Additional primers and conditions are as follows: For HMGI(Y) (CCTTTGCTTCACTTGGTTTACCC/GGTAGTCAGGGACAGTCATCAC) Tann = 68°C, 1.5 mm MgCl2, 2100-bp product (Friedman et al. (1993); for p21(WAF1) (CTTTCTAGGAGGGAGACAC/GTTCCGCTGCTAATCAAAG) Tann = 57.5°C, 1.5 mm, 99-bp product (el-Deiry et al. 1993); for TCTE-1 (B10C:TCTGACAGTTCCGGAGTGC/B10D:AGAGCCTGGTCTCACAAGAG) Tann = 62°C, 1.5 mm MgCl2, 332-bp product (Kwiatkowski et al. 1991); for Motilin (Mota:CCCTGACTGTCGCTGTTCC/Motb:GTGCACGTGGTCTGAGTGG) Tann = 62°C, 248 bp (Gasparini et al. 1994); for glyoxylase (Glo1-L:GGACTGATGGATCACTGTCCC/Glo1-R:GCAGCCTCTGAAGGGAACTG) Tann = 62°C, 3 mm MgCl2, 192-bp product; for CSBP (AAAAGGAGAGAAAGTGTA/TCCACCTGTTCCTCTTTTCAT) 48°C, 1.5 mm MgCl2, 547-bp product (McDonnell et al. 1995).

DNA Probes

The probes and hybridization conditions for tctex 7, tctex 3, and tctex 11 were described previously (Ha et al. 1991).
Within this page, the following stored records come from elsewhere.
lemma card_injs_avoid:
  assumes "finite P" "finite V" "p \<in> P" "v \<in> V"
  shows "card (injs P (V - {v})) = (card V - card P) * card (injs (P - {p}) (V - {v}))"
proof -
  obtain m n where "card P = Suc m" "card (P - {p}) = m" "card V = Suc n" "card (V - {v}) = n"
    using assms by (metis card_Suc_Diff1)
  with assms show ?thesis
    by (simp add: card_injs)
qed

lemma prod_lessThan_diff_mult_fact:
  fixes m n :: nat
  assumes "m \<le> n"
  shows "(\<Prod>i<m. n - i) * fact (n - m) = fact n"
  using assms
proof (induction m)
  case (Suc m)
  have "n - m = Suc (n - Suc m)"
    using Suc.prems by simp
  then have "(n - m) * fact (n - Suc m) = fact (n - m)"
    by (metis fact_Suc of_nat_id)
  then have "(\<Prod>i<Suc m. n - i) * fact (n - Suc m) = (\<Prod>i<m. n - i) * fact (n - m)"
    by (simp add: mult.assoc)
  with Suc show ?case by simp
qed simp

lemma card_injs_mult_fact:
  assumes "finite P" "finite V" "card P \<le> card V"
  shows "card (injs P V) * fact (card V - card P) = fact (card V)"
  using assms by (simp add: card_injs prod_lessThan_diff_mult_fact)

lemma fun_upd_in_injs:
  assumes "r \<in> injs (P - {p}) (V - {v})" "p \<in> P" "v \<in> V"
  shows "r(p := v) \<in> injs P V"
  using assms unfolding injs_def inj_on_def by (auto split: if_splits)

lemma fun_upd_zero_in_injs:
  assumes "r \<in> injs P V" "p \<in> P"
  shows "r(p := 0) \<in> injs (P - {p}) (V - {r p})"
  using assms unfolding injs_def inj_on_def by (auto split: if_splits)

lemma sum_injs_split:
  fixes g :: "('a \<Rightarrow> 'b::zero) \<Rightarrow> 'c::comm_monoid_add"
  assumes "finite P" "finite V" "v \<in> V"
  shows "(\<Sum>r\<in>injs P V. g r)
    = (\<Sum>p\<in>P. \<Sum>r\<in>injs (P - {p}) (V - {v}). g (r(p := v))) + (\<Sum>r\<in>injs P (V - {v}). g r)"
proof -
  define A where "A p = (\<lambda>r. r(p := v)) ` injs (P - {p}) (V - {v})" for p
  have A: "A p = {r \<in> injs P V. r p = v}" if "p \<in> P" for p
  proof
    show "A p \<subseteq> {r \<in> injs P V. r p = v}"
      using fun_upd_in_injs[OF _ that assms(3)] by (auto simp: A_def)
    show "{r \<in> injs P V. r p = v} \<subseteq> A p"
    proof clarify
      fix r assume r: "r \<in> injs P V" "v = r p"
      then have "r = (r(p := 0))(p := v)" by simp
      with fun_upd_zero_in_injs[OF r(1) that] show "r \<in> A p"
        unfolding A_def r(2) by blast
    qed
  qed
  have split: "injs P V = (\<Union>p\<in>P. A p) \<union> injs P (V - {v})"
    using A by (auto simp: injs_def)
  have disjoint: "(\<Union>p\<in>P. A p) \<inter> injs P (V - {v}) = {}"
    using A by (auto simp: injs_def)
  have disjoint_family: "disjoint_family_on A P"
    using A by (auto simp: disjoint_family_on_def injs_def inj_on_def)
  have inj: "inj_on (\<lambda>r. r(p := v)) (injs (P - {p}) (V - {v}))" for p
  proof (rule inj_onI)
    fix r r' assume r: "r \<in> injs (P - {p}) (V - {v})" "r' \<in> injs (P - {p}) (V - {v})"
      and eq: "r(p := v) = r'(p := v)"
    have "r p = 0" "r' p = 0" using r by (auto simp: injs_def)
    then show "r = r'" using eq by (metis fun_upd_triv fun_upd_upd)
  qed
  have finite_A: "finite (A p)" for p
    using assms by (simp add: A_def finite_injs)
  have "(\<Sum>r\<in>injs P V. g r) = (\<Sum>r\<in>(\<Union>p\<in>P. A p). g r) + (\<Sum>r\<in>injs P (V - {v}). g r)"
    unfolding split using assms finite_A disjoint by (intro sum.union_disjoint) (auto simp: finite_injs)
  also have "(\<Sum>r\<in>(\<Union>p\<in>P. A p). g r) = (\<Sum>p\<in>P. \<Sum>r\<in>A p. g r)"
    using assms(1) finite_A disjoint_family by (simp add: sum.UNION_disjoint_family)
  also have "\<dots> = (\<Sum>p\<in>P. \<Sum>r\<in>injs (P - {p}) (V - {v}). g (r(p := v)))"
    by (simp add: A_def sum.reindex[OF inj])
  finally show ?thesis .
qed

lemma sum_injs_eq_card_mult_inj_mean:
  fixes f :: "('a \<Rightarrow> 'b::zero) \<Rightarrow> 'c::field_char_0"
  assumes "finite P" "finite V"
  shows "(\<Sum>r\<in>injs P V. f r) = of_nat (card (injs P V)) * inj_mean P V f"
  using assms by (cases "card (injs P V) = 0") (auto simp: inj_mean_def finite_injs)

lemma inj_mean_empty: "inj_mean {} V f = f (\<lambda>_. 0)"
  by (simp add: inj_mean_def injs_empty)

lemma inj_mean_eq_0_if_card_less:
  assumes "finite P" "finite V" "card V < card P"
  shows "inj_mean P V f = 0"
proof -
  have "card (injs P V) = 0"
    using assms by (auto simp: card_injs intro!: bexI[of _ "card V"])
  then show ?thesis by (simp add: inj_mean_def)
qed

lemma inj_mean_nonneg:
  fixes f :: "('a \<Rightarrow> 'b::zero) \<Rightarrow> 'c::linordered_field"
  shows "(\<And>r. 0 \<le> f r) \<Longrightarrow> 0 \<le> inj_mean P V f"
  unfolding inj_mean_def by (intro divide_nonneg_nonneg sum_nonneg) auto

lemma norm_inj_mean_le:
  fixes f :: "('a \<Rightarrow> 'b::zero) \<Rightarrow> 'c::real_normed_field"
  shows "norm (inj_mean P V f) \<le> inj_mean P V (\<lambda>r. norm (f r))"
  unfolding inj_mean_def norm_divide norm_of_nat by (intro divide_right_mono norm_sum) simp

text \<open>A uniform injection sends a given point of P to v with probability 1/|V| and
  avoids v with probability (|V| - |P|)/|V|.\<close>

lemma inj_mean_split:
  fixes f :: "('a \<Rightarrow> 'b::zero) \<Rightarrow> 'c::field_char_0"
  assumes "finite P" "finite V" "v \<in> V"
  shows "of_nat (card V) * inj_mean P V f
    = (\<Sum>p\<in>P. inj_mean (P - {p}) (V - {v}) (\<lambda>r. f (r(p := v))))
      + of_nat (card V - card P) * inj_mean P (V - {v}) f"
    (is "_ = ?rhs")
proof (cases "P = {}")
  case True
  then show ?thesis by (simp add: inj_mean_def injs_empty)
next
  case False
  then obtain p0 where p0: "p0 \<in> P" by blast
  define c where "c = card (injs (P - {p0}) (V - {v}))"
  have c: "card (injs (P - {p}) (V - {v})) = c" if "p \<in> P" for p
    using assms that p0 by (simp add: c_def card_injs)
  have card_V: "card (injs P V) = card V * c"
    using card_injs_remove[OF assms(1,2) p0 assms(3)] by (simp add: c_def)
  have card_V_v: "card (injs P (V - {v})) = (card V - card P) * c"
    using card_injs_avoid[OF assms(1,2) p0 assms(3)] by (simp add: c_def)
  show ?thesis
  proof (cases "c = 0")
    case True
    then show ?thesis
      by (simp add: inj_mean_def c card_V card_V_v)
  next
    case False
    have "of_nat c * (of_nat (card V) * inj_mean P V f) = (\<Sum>r\<in>injs P V. f r)"
      using assms by (simp add: sum_injs_eq_card_mult_inj_mean card_V)
    also have "\<dots> = (\<Sum>p\<in>P. of_nat c * inj_mean (P - {p}) (V - {v}) (\<lambda>r. f (r(p := v))))
        + of_nat c * (of_nat (card V - card P) * inj_mean P (V - {v}) f)"
      using assms by (simp add: sum_injs_split sum_injs_eq_card_mult_inj_mean c card_V_v)
    also have "\<dots> = of_nat c * ?rhs"
      by (simp add: sum_distrib_left distrib_left)
    finally show ?thesis
      using False by simp
  qed
qed

section \<open>Cauchy-Schwarz for products over disjoint blocks\<close>

definition block_factors :: "'i set \<Rightarrow> ('i \<Rightarrow> 'a set) \<Rightarrow> ('i \<Rightarrow> ('a \<Rightarrow> 'b) \<Rightarrow> real) \<Rightarrow> bool" where
  "block_factors S P F \<longleftrightarrow> finite S \<and> (\<forall>l\<in>S. finite (P l)) \<and> disjoint_family_on P S
     \<and> (\<forall>l\<in>S. \<forall>r. 0 \<le> F l r) \<and> (\<forall>l\<in>S. \<forall>r r'. (\<forall>x\<in>P l. r x = r' x) \<longrightarrow> F l r = F l r')"

lemma block_factors_pin:
  assumes "block_factors S P F" "l \<in> S" "p \<in> P l"
  shows "block_factors S (P(l := P l - {p})) (F(l := \<lambda>r. F l (r(p := v))))"
  using assms unfolding block_factors_def disjoint_family_on_def
  by (auto split: if_splits)

lemma UN_blocks_pin:
  assumes "block_factors S P F" "l \<in> S" "p \<in> P l"
  shows "(\<Union>l'\<in>S. (P(l := P l - {p})) l') = (\<Union>l'\<in>S. P l') - {p}"
  using assms unfolding block_factors_def disjoint_family_on_def by auto

lemma prod_factors_pin:
  assumes "block_factors S P F" "l \<in> S" "p \<in> P l"
  shows "(\<Prod>l'\<in>S. (F(l := \<lambda>r. F l (r(p := v)))) l' r) = (\<Prod>l'\<in>S. F l' (r(p := v)))"
proof (rule prod.cong[OF refl])
  fix l' assume "l' \<in> S"
  moreover have "p \<notin> P l'" if "l' \<in> S" "l' \<noteq> l"
    using assms that unfolding block_factors_def disjoint_family_on_def by blast
  ultimately show "(F(l := \<lambda>r. F l (r(p := v)))) l' r = F l' (r(p := v))"
    using assms(1) unfolding block_factors_def by (cases "l' = l") auto
qed

lemma inj_mean_pinned_le:
  fixes F :: "'i \<Rightarrow> ('a \<Rightarrow> 'b::zero) \<Rightarrow> real"
  assumes F: "block_factors S P F" "l \<in> S" "p \<in> P l"
    and IH: "\<And>(P :: 'i \<Rightarrow> 'a set) (F :: 'i \<Rightarrow> ('a \<Rightarrow> 'b) \<Rightarrow> real). block_factors S P F \<Longrightarrow>
      inj_mean (\<Union>l\<in>S. P l) W (\<lambda>r. \<Prod>l\<in>S. F l r) \<le> (\<Prod>l\<in>S. sqrt (inj_mean (P l) W (\<lambda>r. (F l r)\<^sup>2)))"
  shows "inj_mean ((\<Union>l\<in>S. P l) - {p}) W (\<lambda>r. \<Prod>l'\<in>S. F l' (r(p := v)))
    \<le> sqrt (inj_mean (P l - {p}) W (\<lambda>r. (F l (r(p := v)))\<^sup>2))
      * (\<Prod>l'\<in>S-{l}. sqrt (inj_mean (P l') W (\<lambda>r. (F l' r)\<^sup>2)))"
proof -
  define P' F' where "P' = P(l := P l - {p})" and "F' = F(l := \<lambda>r. F l (r(p := v)))"
  have "block_factors S P' F'"
    unfolding P'_def F'_def by (rule block_factors_pin[OF F])
  have "inj_mean ((\<Union>l\<in>S. P l) - {p}) W (\<lambda>r. \<Prod>l'\<in>S. F l' (r(p := v)))
      = inj_mean (\<Union>l\<in>S. P' l) W (\<lambda>r. \<Prod>l\<in>S. F' l r)"
    unfolding P'_def F'_def UN_blocks_pin[OF F] prod_factors_pin[OF F] ..
  also have "\<dots> \<le> (\<Prod>l\<in>S. sqrt (inj_mean (P' l) W (\<lambda>r. (F' l r)\<^sup>2)))"
    using \<open>block_factors S P' F'\<close> by (rule IH)
  also have "\<dots> = sqrt (inj_mean (P l - {p}) W (\<lambda>r. (F l (r(p := v)))\<^sup>2))
        * (\<Prod>l'\<in>S-{l}. sqrt (inj_mean (P l') W (\<lambda>r. (F l' r)\<^sup>2)))"
    using F(1,2) by (simp add: prod.remove block_factors_def P'_def F'_def)
  finally show ?thesis .
qed

lemma inj_mean_prod_le_step:
  fixes F :: "'i \<Rightarrow> ('a \<Rightarrow> 'b::zero) \<Rightarrow> real"
  assumes F: "block_factors S P F" and V: "finite V" "v \<in> V"
    and IH: "\<And>(P :: 'i \<Rightarrow> 'a set) (F :: 'i \<Rightarrow> ('a \<Rightarrow> 'b) \<Rightarrow> real). block_factors S P F \<Longrightarrow>
      inj_mean (\<Union>l\<in>S. P l) (V - {v}) (\<lambda>r. \<Prod>l\<in>S. F l r)
        \<le> (\<Prod>l\<in>S. sqrt (inj_mean (P l) (V - {v}) (\<lambda>r. (F l r)\<^sup>2)))"
  shows "inj_mean (\<Union>l\<in>S. P l) V (\<lambda>r. \<Prod>l\<in>S. F l r) \<le> (\<Prod>l\<in>S. sqrt (inj_mean (P l) V (\<lambda>r. (F l r)\<^sup>2)))"
proof -
  define U where "U = (\<Union>l\<in>S. P l)"
  define K M N
    where "K l = inj_mean (P l) (V - {v}) (\<lambda>r. (F l r)\<^sup>2)"
      and "M l p = inj_mean (P l - {p}) (V - {v}) (\<lambda>r. (F l (r(p := v)))\<^sup>2)"
      and "N l = inj_mean (P l) V (\<lambda>r. (F l r)\<^sup>2)" for l p
  have fin: "finite S" "\<And>l. l \<in> S \<Longrightarrow> finite (P l)" and disj: "disjoint_family_on P S"
    using F by (auto simp: block_factors_def)
  have "finite U" using fin by (simp add: U_def)
  have card_U: "card U = (\<Sum>l\<in>S. card (P l))"
    using fin disj by (simp add: U_def card_UN_disjoint disjoint_family_on_def)
  have RHS_nonneg: "0 \<le> (\<Prod>l\<in>S. sqrt (N l))"
    by (auto simp: N_def intro!: prod_nonneg inj_mean_nonneg)
  show ?thesis
  proof (cases "card U \<le> card V")
    case False
    then show ?thesis
      using V \<open>finite U\<close> RHS_nonneg by (simp add: inj_mean_eq_0_if_card_less U_def N_def)
  next
    case True
    have n: "0 < card V" using V by (auto simp: card_gt_0_iff)
    have "real (card V) * inj_mean U V (\<lambda>r. \<Prod>l\<in>S. F l r)
        = (\<Sum>l\<in>S. \<Sum>p\<in>P l. inj_mean (U - {p}) (V - {v}) (\<lambda>r. \<Prod>l'\<in>S. F l' (r(p := v))))
          + real (card V - card U) * inj_mean U (V - {v}) (\<lambda>r. \<Prod>l\<in>S. F l r)"
      using inj_mean_split[OF \<open>finite U\<close> V] fin disj
      by (simp add: U_def sum.UNION_disjoint_family)
    also have "\<dots> \<le> (\<Sum>l\<in>S. \<Sum>p\<in>P l. sqrt (M l p) * (\<Prod>l'\<in>S-{l}. sqrt (K l')))
          + real (card V - (\<Sum>l\<in>S. card (P l))) * (\<Prod>l\<in>S. sqrt (K l))"
      unfolding card_U[symmetric] M_def K_def U_def
      by (intro add_mono sum_mono mult_left_mono inj_mean_pinned_le[OF F] IH F) auto
    also have "\<dots> \<le> real (card V) * (\<Prod>l\<in>S. sqrt (N l))"
    proof (rule pinned_sum_le_prod_sqrt[OF fin(1) n])
      show "(\<Sum>l\<in>S. card (P l)) \<le> card V" using True card_U by simp
      show "real (card V) * N l = (\<Sum>p\<in>P l. M l p) + real (card V - card (P l)) * K l" if "l \<in> S" for l
        using inj_mean_split[OF fin(2)[OF that] V] by (simp add: N_def M_def K_def)
    qed (auto simp: M_def K_def inj_mean_nonneg)
    finally show ?thesis
      using n by (simp add: U_def N_def mult_le_cancel_left_pos)
  qed
qed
The probes for PIM1, TCP-11, and ZNF76 were described by Ragoussis et al. (1992), for HKE3 (RPS18) by Hanson and Trowsdale (1991), and for BAK by Kiefer et al. (1995). The probe for D6S29 was described by Hoff et al. (1988).

Genomic Libraries

YAC libraries The ICI (Anand et al. 1990), CEPH (Albertsen et al. 1990), and ICRF (Larin et al. 1991; clone prefix AM) were screened courtesy of Dr. D. Bentley (Sanger Centre) at Guy’s Hospital. Hybridization filters and clones of the human PAC library (Ioannou et al. 1994) were obtained from the MRC–Human Genome Mapping Project-Resource Centre and the Sanger Centre (Hinxton, Cambridge, UK). The BAC clones were isolated by hybridization of filters obtained from Genome Systems (Kim et al. 1996). BAC 6B8, reported to map on 6p21 (Genome Mapping and Sequencing, Cold Spring Harbor, NY 1994 and Gene Mappers, American Society of Human Genetics Meeting 95) was obtained from Dr. J. Korenberg (UCLA).
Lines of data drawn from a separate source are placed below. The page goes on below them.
theorem lemma9:
  fixes T :: "agent \<Rightarrow> 'k::wellorder world \<Rightarrow> 'k world set \<Rightarrow> real"
  assumes "regular_infinite_cardinal TYPE('k)"
    and "star_type_space T"
  shows "(sem T (Prim {Hd}) = {u\<in>W. fst u = Hd} \<and> sem T (Prim {Tl}) = {u\<in>W. fst u = Tl}
         \<and> dp (Prim {Hd} :: 'k kexp) = ord0 \<and> dp (Prim {Tl} :: 'k kexp) = ord0)
    \<and> (\<forall>i (b::'k). \<exists>\<phi>1 \<phi>0. kexp_wf \<phi>1 \<and> kexp_wf \<phi>0
           \<and> dp \<phi>1 = osucc b \<and> dp \<phi>0 = osucc b
           \<and> sem T \<phi>1 = {u\<in>W. X i u b} \<and> sem T \<phi>0 = {u\<in>W. \<not> X i u b})
    \<and> (\<forall>i (l::'k). is_limit l \<longrightarrow> (\<exists>\<phi>e \<phi>o. kexp_wf \<phi>e \<and> kexp_wf \<phi>o
           \<and> dp \<phi>e = l \<and> dp \<phi>o = l
           \<and> sem T \<phi>e = {u\<in>W. lpar_even l (X i u)}
           \<and> sem T \<phi>o = {u\<in>W. \<not> lpar_even l (X i u)}))"
proof (intro conjI allI impI)
  fix i
  have "\<forall>b. \<exists>\<phi>. expresses_bit T i b \<phi>" using bit_expressible[OF assms] by blast
  then obtain F where F: "\<And>b. expresses_bit T i b (F b)" by (metis choice)
  show "\<exists>\<phi>1 \<phi>0. kexp_wf \<phi>1 \<and> kexp_wf \<phi>0 \<and> dp \<phi>1 = osucc b \<and> dp \<phi>0 = osucc b
      \<and> sem T \<phi>1 = {u\<in>W. X i u b} \<and> sem T \<phi>0 = {u\<in>W. \<not> X i u b}" for b
    using F[of b] unfolding expresses_bit_def
    by - (rule exI[of _ "F b"], rule exI[of _ "Neg (F b)"], auto intro: kexp_wf.intros(2))
  show "\<exists>\<phi>e \<phi>o. kexp_wf \<phi>e \<and> kexp_wf \<phi>o \<and> dp \<phi>e = l \<and> dp \<phi>o = l
      \<and> sem T \<phi>e = {u\<in>W. lpar_even l (X i u)} \<and> sem T \<phi>o = {u\<in>W. \<not> lpar_even l (X i u)}"
    if "is_limit l" for l
    using kexp_wf_Lpar_odd[OF assms(1) that F] dp_Lpar_odd[OF assms(1) that F]
      sem_Lpar_odd[OF assms(1) that F] sem_Neg_Collect[OF sem_Lpar_odd[OF assms(1) that F]]
    by - (rule exI[of _ "Neg (Lpar_odd F l)"], rule exI[of _ "Lpar_odd F l"], simp add: kexp_wf.intros(2))
qed simp_all

end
YAC 9.2 was subcloned into the cosmid vector Supercos1 after partial MboI digestion as described previously (Ragoussis and Monaco 1996).

PFGE

YACs, PACs, and BACs were sized by PFGE. YACs were analyzed as described previously (Ragoussis 1996). The following conditions were used for PACs: 6 V/cm, pulse time 1–20 sec for 16 hr at 12°C in a Bio-Rad DRII apparatus. PFGE of genomic DNA was performed as described previously (Ragoussis et al. 1992).
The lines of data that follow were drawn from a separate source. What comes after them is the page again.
lemma sum_Pow_neg_one_power:
  assumes "finite S"
  shows "(\<Sum>A\<in>Pow S. (-1::int) ^ card A) = (if S = {} then 1 else 0)"
proof (cases "S = {}")
  case False
  then have "card {A. A \<in> Pow S \<and> even (card A)} = card {A. A \<in> Pow S \<and> odd (card A)}"
    using card_subsupersets_even_odd[OF assms, of "{}"] by auto
  then show ?thesis
    using False assms by (simp add: sum_alternating_cancels)
qed simp

section \<open>The Tutte polynomial at (1,0)\<close>

lemma nbc_eq_spanning_sum:
  fixes Y :: "(real^'n) list"
  shows "nbc Y = (-1) ^ dim (set Y) *
    (\<Sum>A\<in>{A\<in>Pow {..<length Y}. span ((!) Y ` A) = span (set Y)}. (-1) ^ card A)"
proof -
  define r where "r = dim (set Y)"
  have all: "(!) Y ` {..<length Y} = set Y"
    by (auto simp: in_set_conv_nth)
  have summand: "(1 - 1) ^ (rk Y {..<length Y} - rk Y A) * (0 - 1) ^ (card A - rk Y A)
      = (if span ((!) Y ` A) = span (set Y) then (-1) ^ r * (-1) ^ card A else 0 :: int)"
    if A: "A \<subseteq> {..<length Y}" for A
  proof -
    have rk_all: "rk Y {..<length Y} = r" by (simp add: rk_def r_def all)
    have rk_card: "rk Y A \<le> card A"
    proof -
      have "dim ((!) Y ` A) \<le> card ((!) Y ` A)"
        using finite_subset[OF A] by (intro dim_le_card') simp
      also have "\<dots> \<le> card A"
        using finite_subset[OF A] by (rule card_image_le) simp
      finally show ?thesis unfolding rk_def .
    qed
    show ?thesis
    proof (cases "span ((!) Y ` A) = span (set Y)")
      case True
      then have "rk Y A = r" unfolding rk_def r_def by (rule span_eq_dim)
      moreover have "(-1::int) ^ (card A - r) = (-1) ^ r * (-1) ^ card A"
        using rk_card \<open>rk Y A = r\<close>
        by (simp flip: neg_one_power_add_eq_neg_one_power_diff add: power_add)
      ultimately show ?thesis using True rk_all by simp
    next
      case False
      have "rk Y A \<noteq> r"
      proof
        assume "rk Y A = r"
        then have "span ((!) Y ` A) = span (set Y)"
          unfolding rk_def r_def by (intro dim_eq_span) (use A all in auto)
        with False show False ..
      qed
      moreover have "rk Y A \<le> r"
        unfolding rk_def r_def by (rule dim_subset) (use A all in auto)
      ultimately show ?thesis using False rk_all by simp
    qed
  qed
  have "nbc Y = (\<Sum>A\<in>Pow {..<length Y}.
      if span ((!) Y ` A) = span (set Y) then (-1) ^ r * (-1) ^ card A else 0)"
    unfolding nbc_def tutte_def by (rule sum.cong[OF refl], rule summand) simp
  also have "\<dots> = (-1) ^ r * (\<Sum>A\<in>{A\<in>Pow {..<length Y}. span ((!) Y ` A) = span (set Y)}. (-1) ^ card A)"
    by (simp add: sum.inter_filter[symmetric] sum_distrib_left)
  finally show ?thesis unfolding r_def .
qed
YAC and Bacterial Clone Screening and Characterization

The chromosome 6 library filters (Nizetic et al. 1994) were screened with Alu PCR probes and whole YAC DNA as described previously (Ragoussis and Monaco 1996). Generation of high-density YAC and cosmid filters and preparation of DNA pools for PCR-based screening was as described previously (Bentley et al. 1992; Cole et al. 1992). YAC end probes were generated by vectorette PCR, and the same technique was applied to PACs, BACs, and cosmids (Ragoussis and Olavesen 1997). Cosmid, PAC, and BAC clone DNA was prepared by use of standard techniques.

YAC Fragmentation

YACs were fragmented by use of the vector pBCL8.1 (Lewis et al. 1992), and the products were analyzed by the arrayed preparation method (Markie 1995).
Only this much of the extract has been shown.